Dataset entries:
BEGIN

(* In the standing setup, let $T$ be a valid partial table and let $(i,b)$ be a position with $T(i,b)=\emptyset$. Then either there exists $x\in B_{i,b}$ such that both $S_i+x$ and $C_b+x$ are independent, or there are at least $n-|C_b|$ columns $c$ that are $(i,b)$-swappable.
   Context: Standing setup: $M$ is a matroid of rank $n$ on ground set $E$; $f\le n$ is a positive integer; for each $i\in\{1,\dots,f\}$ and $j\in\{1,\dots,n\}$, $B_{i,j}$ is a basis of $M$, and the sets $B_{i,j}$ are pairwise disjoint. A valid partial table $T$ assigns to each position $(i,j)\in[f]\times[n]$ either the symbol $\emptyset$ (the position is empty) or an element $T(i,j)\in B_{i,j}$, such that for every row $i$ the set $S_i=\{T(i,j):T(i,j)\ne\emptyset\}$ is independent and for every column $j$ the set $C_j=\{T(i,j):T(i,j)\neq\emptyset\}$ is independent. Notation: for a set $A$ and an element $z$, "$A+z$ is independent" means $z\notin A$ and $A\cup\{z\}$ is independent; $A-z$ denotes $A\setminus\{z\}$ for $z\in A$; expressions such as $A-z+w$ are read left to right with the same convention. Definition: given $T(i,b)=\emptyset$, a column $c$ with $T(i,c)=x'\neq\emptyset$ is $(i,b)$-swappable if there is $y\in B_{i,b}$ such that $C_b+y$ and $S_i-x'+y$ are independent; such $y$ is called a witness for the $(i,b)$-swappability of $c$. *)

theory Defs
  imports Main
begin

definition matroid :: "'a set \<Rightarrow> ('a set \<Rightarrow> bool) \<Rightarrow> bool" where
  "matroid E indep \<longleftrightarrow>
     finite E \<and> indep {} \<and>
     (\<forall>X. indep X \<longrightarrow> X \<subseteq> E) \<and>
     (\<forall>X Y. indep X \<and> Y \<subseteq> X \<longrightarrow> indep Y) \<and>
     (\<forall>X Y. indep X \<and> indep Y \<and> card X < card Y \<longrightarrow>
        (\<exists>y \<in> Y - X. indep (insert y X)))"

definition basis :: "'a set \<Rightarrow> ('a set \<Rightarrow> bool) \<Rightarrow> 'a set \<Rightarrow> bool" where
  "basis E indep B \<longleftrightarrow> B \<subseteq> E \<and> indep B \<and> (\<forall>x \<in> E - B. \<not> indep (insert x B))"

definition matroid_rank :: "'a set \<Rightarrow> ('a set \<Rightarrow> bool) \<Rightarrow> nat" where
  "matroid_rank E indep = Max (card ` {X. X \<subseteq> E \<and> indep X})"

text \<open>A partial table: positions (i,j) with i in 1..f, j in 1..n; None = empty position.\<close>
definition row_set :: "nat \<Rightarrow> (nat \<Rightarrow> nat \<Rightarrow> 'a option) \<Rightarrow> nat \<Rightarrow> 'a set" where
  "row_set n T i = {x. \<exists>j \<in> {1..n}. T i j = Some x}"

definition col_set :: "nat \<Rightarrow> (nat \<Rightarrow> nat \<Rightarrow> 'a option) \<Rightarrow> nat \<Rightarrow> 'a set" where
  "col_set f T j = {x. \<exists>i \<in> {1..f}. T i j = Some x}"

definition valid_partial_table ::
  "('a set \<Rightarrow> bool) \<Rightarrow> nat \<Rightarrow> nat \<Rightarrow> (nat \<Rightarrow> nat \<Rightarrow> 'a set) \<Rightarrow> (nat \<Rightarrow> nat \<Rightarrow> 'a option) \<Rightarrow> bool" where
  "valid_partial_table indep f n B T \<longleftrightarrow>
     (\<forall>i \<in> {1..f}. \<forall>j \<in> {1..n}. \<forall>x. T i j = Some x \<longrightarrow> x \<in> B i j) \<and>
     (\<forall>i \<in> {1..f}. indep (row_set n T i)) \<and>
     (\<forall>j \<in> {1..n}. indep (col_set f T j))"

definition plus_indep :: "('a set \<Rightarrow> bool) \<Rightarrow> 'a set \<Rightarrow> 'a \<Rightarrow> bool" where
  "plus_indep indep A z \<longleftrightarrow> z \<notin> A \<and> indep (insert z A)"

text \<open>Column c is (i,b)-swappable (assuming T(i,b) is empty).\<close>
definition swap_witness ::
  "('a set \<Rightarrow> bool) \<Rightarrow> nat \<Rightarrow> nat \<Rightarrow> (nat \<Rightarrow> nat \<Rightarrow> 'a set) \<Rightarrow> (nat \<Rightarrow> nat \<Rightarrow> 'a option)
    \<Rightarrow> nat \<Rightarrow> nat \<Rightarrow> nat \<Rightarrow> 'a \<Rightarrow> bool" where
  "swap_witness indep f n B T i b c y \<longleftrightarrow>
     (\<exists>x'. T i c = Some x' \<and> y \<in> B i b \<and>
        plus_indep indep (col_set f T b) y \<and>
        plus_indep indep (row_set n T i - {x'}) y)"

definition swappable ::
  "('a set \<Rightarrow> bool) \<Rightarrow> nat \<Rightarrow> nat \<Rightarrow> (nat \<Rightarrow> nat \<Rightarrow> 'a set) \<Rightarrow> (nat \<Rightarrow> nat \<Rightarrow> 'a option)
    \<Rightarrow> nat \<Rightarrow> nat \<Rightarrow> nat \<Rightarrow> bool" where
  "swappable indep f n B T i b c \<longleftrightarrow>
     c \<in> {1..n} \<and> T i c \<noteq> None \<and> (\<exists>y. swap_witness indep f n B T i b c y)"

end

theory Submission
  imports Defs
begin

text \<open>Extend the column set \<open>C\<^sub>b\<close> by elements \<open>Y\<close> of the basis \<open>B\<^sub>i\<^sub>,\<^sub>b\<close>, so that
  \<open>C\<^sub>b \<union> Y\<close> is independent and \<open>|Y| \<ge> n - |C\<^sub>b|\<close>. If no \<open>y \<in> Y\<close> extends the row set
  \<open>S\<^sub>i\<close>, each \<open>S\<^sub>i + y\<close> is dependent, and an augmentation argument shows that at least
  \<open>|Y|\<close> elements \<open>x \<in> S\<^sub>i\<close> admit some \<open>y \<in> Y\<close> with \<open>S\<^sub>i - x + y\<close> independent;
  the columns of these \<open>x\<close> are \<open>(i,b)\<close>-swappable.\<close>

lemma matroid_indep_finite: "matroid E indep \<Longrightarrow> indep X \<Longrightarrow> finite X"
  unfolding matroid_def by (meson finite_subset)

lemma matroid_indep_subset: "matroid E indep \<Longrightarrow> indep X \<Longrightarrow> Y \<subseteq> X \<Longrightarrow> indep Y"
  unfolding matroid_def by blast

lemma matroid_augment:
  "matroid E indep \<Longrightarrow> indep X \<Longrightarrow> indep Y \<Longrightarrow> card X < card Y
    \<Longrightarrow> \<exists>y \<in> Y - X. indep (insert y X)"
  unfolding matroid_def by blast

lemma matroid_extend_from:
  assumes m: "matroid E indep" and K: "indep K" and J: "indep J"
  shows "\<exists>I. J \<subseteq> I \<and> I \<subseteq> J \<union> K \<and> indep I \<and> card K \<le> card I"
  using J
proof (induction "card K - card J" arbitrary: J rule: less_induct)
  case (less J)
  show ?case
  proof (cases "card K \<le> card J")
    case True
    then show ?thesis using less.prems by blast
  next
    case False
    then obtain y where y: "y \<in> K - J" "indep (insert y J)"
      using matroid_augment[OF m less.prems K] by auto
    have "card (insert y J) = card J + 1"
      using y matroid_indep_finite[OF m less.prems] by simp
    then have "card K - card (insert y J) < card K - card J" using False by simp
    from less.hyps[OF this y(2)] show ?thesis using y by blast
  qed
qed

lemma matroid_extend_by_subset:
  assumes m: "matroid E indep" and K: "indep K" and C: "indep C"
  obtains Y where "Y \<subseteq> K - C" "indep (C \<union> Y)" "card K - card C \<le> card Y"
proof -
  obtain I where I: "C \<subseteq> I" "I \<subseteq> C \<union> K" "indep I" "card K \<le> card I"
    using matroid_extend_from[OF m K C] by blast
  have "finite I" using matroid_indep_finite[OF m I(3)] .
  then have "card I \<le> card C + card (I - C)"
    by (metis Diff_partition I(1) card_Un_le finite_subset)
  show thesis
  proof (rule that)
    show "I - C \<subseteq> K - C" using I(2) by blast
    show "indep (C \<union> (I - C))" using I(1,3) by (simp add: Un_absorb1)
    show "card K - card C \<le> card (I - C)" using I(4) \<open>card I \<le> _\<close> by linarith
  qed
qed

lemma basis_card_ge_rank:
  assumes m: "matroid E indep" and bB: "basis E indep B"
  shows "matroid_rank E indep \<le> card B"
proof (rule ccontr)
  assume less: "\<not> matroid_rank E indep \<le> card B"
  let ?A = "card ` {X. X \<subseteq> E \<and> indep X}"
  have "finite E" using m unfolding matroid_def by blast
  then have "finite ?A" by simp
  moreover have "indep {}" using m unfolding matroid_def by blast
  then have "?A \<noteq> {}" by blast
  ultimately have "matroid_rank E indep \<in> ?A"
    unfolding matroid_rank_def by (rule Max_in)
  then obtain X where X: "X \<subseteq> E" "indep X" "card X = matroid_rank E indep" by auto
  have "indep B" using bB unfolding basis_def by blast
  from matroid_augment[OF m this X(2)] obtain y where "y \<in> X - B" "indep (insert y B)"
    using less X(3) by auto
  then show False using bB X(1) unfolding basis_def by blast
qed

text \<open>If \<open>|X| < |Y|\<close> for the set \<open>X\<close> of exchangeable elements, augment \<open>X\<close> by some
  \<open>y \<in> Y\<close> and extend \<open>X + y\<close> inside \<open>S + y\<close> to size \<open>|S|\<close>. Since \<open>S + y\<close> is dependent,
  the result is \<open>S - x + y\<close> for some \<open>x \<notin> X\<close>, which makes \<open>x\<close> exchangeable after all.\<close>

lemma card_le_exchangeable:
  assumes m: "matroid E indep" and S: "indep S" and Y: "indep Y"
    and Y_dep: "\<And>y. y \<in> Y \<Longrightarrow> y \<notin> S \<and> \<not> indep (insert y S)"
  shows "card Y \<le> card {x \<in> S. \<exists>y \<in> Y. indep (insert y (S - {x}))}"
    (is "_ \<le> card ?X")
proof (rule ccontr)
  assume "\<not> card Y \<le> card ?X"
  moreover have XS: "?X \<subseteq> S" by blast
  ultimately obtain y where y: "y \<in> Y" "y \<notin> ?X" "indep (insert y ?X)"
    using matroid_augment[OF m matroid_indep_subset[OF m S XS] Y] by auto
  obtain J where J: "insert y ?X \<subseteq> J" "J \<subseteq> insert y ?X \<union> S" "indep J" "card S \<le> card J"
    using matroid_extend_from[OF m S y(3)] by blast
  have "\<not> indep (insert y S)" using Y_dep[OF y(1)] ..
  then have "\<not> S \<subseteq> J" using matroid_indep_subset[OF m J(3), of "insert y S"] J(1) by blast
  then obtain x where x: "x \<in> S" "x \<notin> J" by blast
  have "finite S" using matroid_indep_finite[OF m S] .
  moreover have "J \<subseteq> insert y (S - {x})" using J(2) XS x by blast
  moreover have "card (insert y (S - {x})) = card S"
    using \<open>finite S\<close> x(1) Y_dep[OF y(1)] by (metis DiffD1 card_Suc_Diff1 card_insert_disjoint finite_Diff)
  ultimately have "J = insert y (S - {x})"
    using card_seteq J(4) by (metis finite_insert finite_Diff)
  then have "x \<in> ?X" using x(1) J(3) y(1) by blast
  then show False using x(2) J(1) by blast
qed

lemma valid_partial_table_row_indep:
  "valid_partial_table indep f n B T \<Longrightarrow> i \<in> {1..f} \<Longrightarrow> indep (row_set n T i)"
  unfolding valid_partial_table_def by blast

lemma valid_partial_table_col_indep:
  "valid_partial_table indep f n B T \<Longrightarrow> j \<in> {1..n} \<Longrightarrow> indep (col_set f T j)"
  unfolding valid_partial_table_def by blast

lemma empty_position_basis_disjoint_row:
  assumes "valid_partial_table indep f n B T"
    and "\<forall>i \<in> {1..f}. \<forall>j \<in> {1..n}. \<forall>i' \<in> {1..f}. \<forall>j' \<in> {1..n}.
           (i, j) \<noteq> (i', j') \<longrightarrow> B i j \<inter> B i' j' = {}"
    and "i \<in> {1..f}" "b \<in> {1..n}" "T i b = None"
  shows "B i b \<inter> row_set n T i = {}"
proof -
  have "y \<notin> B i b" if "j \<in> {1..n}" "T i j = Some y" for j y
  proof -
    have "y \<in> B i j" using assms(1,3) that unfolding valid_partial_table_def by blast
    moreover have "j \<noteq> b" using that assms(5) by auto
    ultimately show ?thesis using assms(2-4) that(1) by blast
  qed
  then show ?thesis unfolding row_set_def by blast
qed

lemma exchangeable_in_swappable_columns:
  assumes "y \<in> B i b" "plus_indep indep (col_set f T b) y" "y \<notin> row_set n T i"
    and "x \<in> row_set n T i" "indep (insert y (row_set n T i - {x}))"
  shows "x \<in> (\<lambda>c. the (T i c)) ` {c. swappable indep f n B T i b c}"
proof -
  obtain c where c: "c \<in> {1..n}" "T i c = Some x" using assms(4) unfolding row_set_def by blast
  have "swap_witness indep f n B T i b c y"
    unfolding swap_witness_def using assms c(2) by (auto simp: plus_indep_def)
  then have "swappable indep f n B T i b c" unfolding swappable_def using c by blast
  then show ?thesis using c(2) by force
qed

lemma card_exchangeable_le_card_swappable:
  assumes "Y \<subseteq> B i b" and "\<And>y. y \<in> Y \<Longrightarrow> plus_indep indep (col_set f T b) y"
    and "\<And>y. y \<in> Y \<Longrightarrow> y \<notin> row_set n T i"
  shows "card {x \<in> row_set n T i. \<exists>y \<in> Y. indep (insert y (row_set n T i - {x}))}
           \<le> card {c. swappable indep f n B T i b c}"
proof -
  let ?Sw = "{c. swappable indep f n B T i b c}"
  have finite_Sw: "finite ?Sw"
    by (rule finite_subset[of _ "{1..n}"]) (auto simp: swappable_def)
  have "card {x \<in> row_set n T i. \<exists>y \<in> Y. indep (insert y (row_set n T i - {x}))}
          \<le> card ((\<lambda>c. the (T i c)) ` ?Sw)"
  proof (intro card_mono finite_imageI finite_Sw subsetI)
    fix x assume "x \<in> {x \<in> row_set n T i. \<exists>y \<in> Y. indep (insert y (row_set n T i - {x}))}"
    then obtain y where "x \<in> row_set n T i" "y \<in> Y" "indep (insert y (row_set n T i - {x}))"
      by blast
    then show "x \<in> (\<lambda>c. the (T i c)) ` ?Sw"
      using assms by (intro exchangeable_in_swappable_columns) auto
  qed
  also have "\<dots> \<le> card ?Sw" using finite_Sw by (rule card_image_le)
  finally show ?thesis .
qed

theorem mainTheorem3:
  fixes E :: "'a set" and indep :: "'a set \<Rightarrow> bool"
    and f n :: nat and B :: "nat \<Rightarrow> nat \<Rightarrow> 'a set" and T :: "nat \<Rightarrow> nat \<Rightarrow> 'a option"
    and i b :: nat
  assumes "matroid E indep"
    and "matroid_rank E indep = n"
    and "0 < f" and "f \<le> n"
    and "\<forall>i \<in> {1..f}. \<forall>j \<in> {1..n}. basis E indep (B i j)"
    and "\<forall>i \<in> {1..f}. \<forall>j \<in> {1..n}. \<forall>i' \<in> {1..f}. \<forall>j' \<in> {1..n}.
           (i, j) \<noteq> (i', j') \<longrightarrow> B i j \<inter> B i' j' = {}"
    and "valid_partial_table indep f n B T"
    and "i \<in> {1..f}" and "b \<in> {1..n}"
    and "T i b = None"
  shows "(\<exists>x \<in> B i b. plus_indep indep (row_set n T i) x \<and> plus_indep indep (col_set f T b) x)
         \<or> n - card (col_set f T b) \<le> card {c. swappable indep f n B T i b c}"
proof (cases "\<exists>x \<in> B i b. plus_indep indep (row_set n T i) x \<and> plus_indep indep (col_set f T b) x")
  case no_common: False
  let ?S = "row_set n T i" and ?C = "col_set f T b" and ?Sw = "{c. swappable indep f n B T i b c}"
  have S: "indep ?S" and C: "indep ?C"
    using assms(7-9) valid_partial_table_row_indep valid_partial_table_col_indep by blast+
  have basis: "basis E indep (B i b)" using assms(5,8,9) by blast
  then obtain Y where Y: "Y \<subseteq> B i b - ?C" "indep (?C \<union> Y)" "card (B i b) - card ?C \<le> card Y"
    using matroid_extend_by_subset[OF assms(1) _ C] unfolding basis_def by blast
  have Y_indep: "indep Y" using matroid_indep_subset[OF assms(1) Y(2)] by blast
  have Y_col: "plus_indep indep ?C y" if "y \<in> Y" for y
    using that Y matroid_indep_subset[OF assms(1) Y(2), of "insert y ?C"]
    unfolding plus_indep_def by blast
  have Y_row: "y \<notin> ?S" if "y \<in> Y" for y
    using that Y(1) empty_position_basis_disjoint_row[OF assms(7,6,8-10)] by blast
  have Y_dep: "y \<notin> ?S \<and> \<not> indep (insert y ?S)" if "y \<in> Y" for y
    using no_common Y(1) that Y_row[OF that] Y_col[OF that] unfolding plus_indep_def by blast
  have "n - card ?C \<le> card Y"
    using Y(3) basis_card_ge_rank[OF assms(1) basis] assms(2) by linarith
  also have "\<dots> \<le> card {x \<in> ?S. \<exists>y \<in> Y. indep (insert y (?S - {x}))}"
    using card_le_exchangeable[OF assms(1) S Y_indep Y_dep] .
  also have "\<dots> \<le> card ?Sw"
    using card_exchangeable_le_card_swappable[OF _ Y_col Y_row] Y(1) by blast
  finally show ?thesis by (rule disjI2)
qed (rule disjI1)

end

END

▶ AIM OF THE TASK
The lines above from the one with "(\<forall>X Y. indep X \<and> indep" through the one with "indep = Max" are to be duplicated exactly, ends included, with nothing added.

▶ RESPONSE BOX
     (\<forall>X Y. indep X \<and> indep Y \<and> card X < card Y \<longrightarrow>
        (\<exists>y \<in> Y - X. indep (insert y X)))"

definition basis :: "'a set \<Rightarrow> ('a set \<Rightarrow> bool) \<Rightarrow> 'a set \<Rightarrow> bool" where
  "basis E indep B \<longleftrightarrow> B \<subseteq> E \<and> indep B \<and> (\<forall>x \<in> E - B. \<not> indep (insert x B))"

definition matroid_rank :: "'a set \<Rightarrow> ('a set \<Rightarrow> bool) \<Rightarrow> nat" where
  "matroid_rank E indep = Max (card ` {X. X \<subseteq> E \<and> indep X})"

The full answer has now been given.